WORK REQUIRED ▸ Write out all of the entries, matching the original exactly.

____________________

(* Let $\varepsilon_0>0$, $\delta_1\in(0,1)$, and suppose $\mathcal{A}:\mathcal{D}\to\mathcal{S}$ is an $(\varepsilon_0,\delta_0)$-DP local randomizer with $$\delta_0\le \frac{(1-e^{-\varepsilon_0})\delta_1}{4e^{\varepsilon_0}\left(2+\frac{\ln(2/\delta_1)}{\ln(1/(1-e^{-5\varepsilon_0}))}\right)}.$$ Then there exists an $8\varepsilon_0$-DP local randomizer $\tilde{\mathcal{A}}:\mathcal{D}\to\mathcal{S}$ such that for every $d\in\mathcal{D}$, the total variation distance between the output distributions of $\mathcal{A}(d)$ and $\tilde{\mathcal{A}}(d)$ is at most $\delta_1$.
   Context: A randomized map $\mathcal{A}:\mathcal{D}\to\mathcal{S}$ is an $(\varepsilon_0,\delta_0)$-DP local randomizer if for all $d,d'\in\mathcal{D}$ and measurable $S\subseteq\mathcal{S}$, $\Pr[\mathcal{A}(d)\in S]\le e^{\varepsilon_0}\Pr[\mathcal{A}(d')\in S]+\delta_0$; it is $\varepsilon_0$-DP if this holds with $\delta_0=0$. *)

theory Defs
  imports "HOL-Probability.Probability"
begin

text \<open>A randomized map from data domain D to output space (measurable space) \<Omega> is
modelled as a family of probability measures A d on \<Omega>, one for each d in D.\<close>

definition dp_local_randomizer ::
  "'a set \<Rightarrow> 'b measure \<Rightarrow> ('a \<Rightarrow> 'b measure) \<Rightarrow> real \<Rightarrow> real \<Rightarrow> bool" where
  "dp_local_randomizer D \<Omega> A \<epsilon> \<delta> \<longleftrightarrow>
     (\<forall>d\<in>D. prob_space (A d) \<and> sets (A d) = sets \<Omega>) \<and>
     (\<forall>d\<in>D. \<forall>d'\<in>D. \<forall>S\<in>sets \<Omega>.
        measure (A d) S \<le> exp \<epsilon> * measure (A d') S + \<delta>)"

abbreviation pure_dp_local_randomizer ::
  "'a set \<Rightarrow> 'b measure \<Rightarrow> ('a \<Rightarrow> 'b measure) \<Rightarrow> real \<Rightarrow> bool" where
  "pure_dp_local_randomizer D \<Omega> A \<epsilon> \<equiv> dp_local_randomizer D \<Omega> A \<epsilon> 0"

definition tv_dist :: "'b measure \<Rightarrow> 'b measure \<Rightarrow> 'b measure \<Rightarrow> real" where
  "tv_dist \<Omega> P Q = (SUP S\<in>sets \<Omega>. \<bar>measure P S - measure Q S\<bar>)"

end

____________________

ANSWER SPACE ▸
(* Let $\varepsilon_0>0$, $\delta_1\in(0,1)$, and suppose $\mathcal{A}:\mathcal{D}\to\mathcal{S}$ is an $(\varepsilon_0,\delta_0)$-DP local randomizer with $$\delta_0\le \frac{(1-e^{-\varepsilon_0})\delta_1}{4e^{\varepsilon_0}\left(2+\frac{\ln(2/\delta_1)}{\ln(1/(1-e^{-5\varepsilon_0}))}\right)}.$$ Then there exists an $8\varepsilon_0$-DP local randomizer $\tilde{\mathcal{A}}:\mathcal{D}\to\mathcal{S}$ such that for every $d\in\mathcal{D}$, the total variation distance between the output distributions of $\mathcal{A}(d)$ and $\tilde{\mathcal{A}}(d)$ is at most $\delta_1$.
   Context: A randomized map $\mathcal{A}:\mathcal{D}\to\mathcal{S}$ is an $(\varepsilon_0,\delta_0)$-DP local randomizer if for all $d,d'\in\mathcal{D}$ and measurable $S\subseteq\mathcal{S}$, $\Pr[\mathcal{A}(d)\in S]\le e^{\varepsilon_0}\Pr[\mathcal{A}(d')\in S]+\delta_0$; it is $\varepsilon_0$-DP if this holds with $\delta_0=0$. *)

theory Defs
  imports "HOL-Probability.Probability"
begin

text \<open>A randomized map from data domain D to output space (measurable space) \<Omega> is
modelled as a family of probability measures A d on \<Omega>, one for each d in D.\<close>

definition dp_local_randomizer ::
  "'a set \<Rightarrow> 'b measure \<Rightarrow> ('a \<Rightarrow> 'b measure) \<Rightarrow> real \<Rightarrow> real \<Rightarrow> bool" where
  "dp_local_randomizer D \<Omega> A \<epsilon> \<delta> \<longleftrightarrow>
     (\<forall>d\<in>D. prob_space (A d) \<and> sets (A d) = sets \<Omega>) \<and>
     (\<forall>d\<in>D. \<forall>d'\<in>D. \<forall>S\<in>sets \<Omega>.
        measure (A d) S \<le> exp \<epsilon> * measure (A d') S + \<delta>)"

abbreviation pure_dp_local_randomizer ::
  "'a set \<Rightarrow> 'b measure \<Rightarrow> ('a \<Rightarrow> 'b measure) \<Rightarrow> real \<Rightarrow> bool" where
  "pure_dp_local_randomizer D \<Omega> A \<epsilon> \<equiv> dp_local_randomizer D \<Omega> A \<epsilon> 0"

definition tv_dist :: "'b measure \<Rightarrow> 'b measure \<Rightarrow> 'b measure \<Rightarrow> real" where
  "tv_dist \<Omega> P Q = (SUP S\<in>sets \<Omega>. \<bar>measure P S - measure Q S\<bar>)"

end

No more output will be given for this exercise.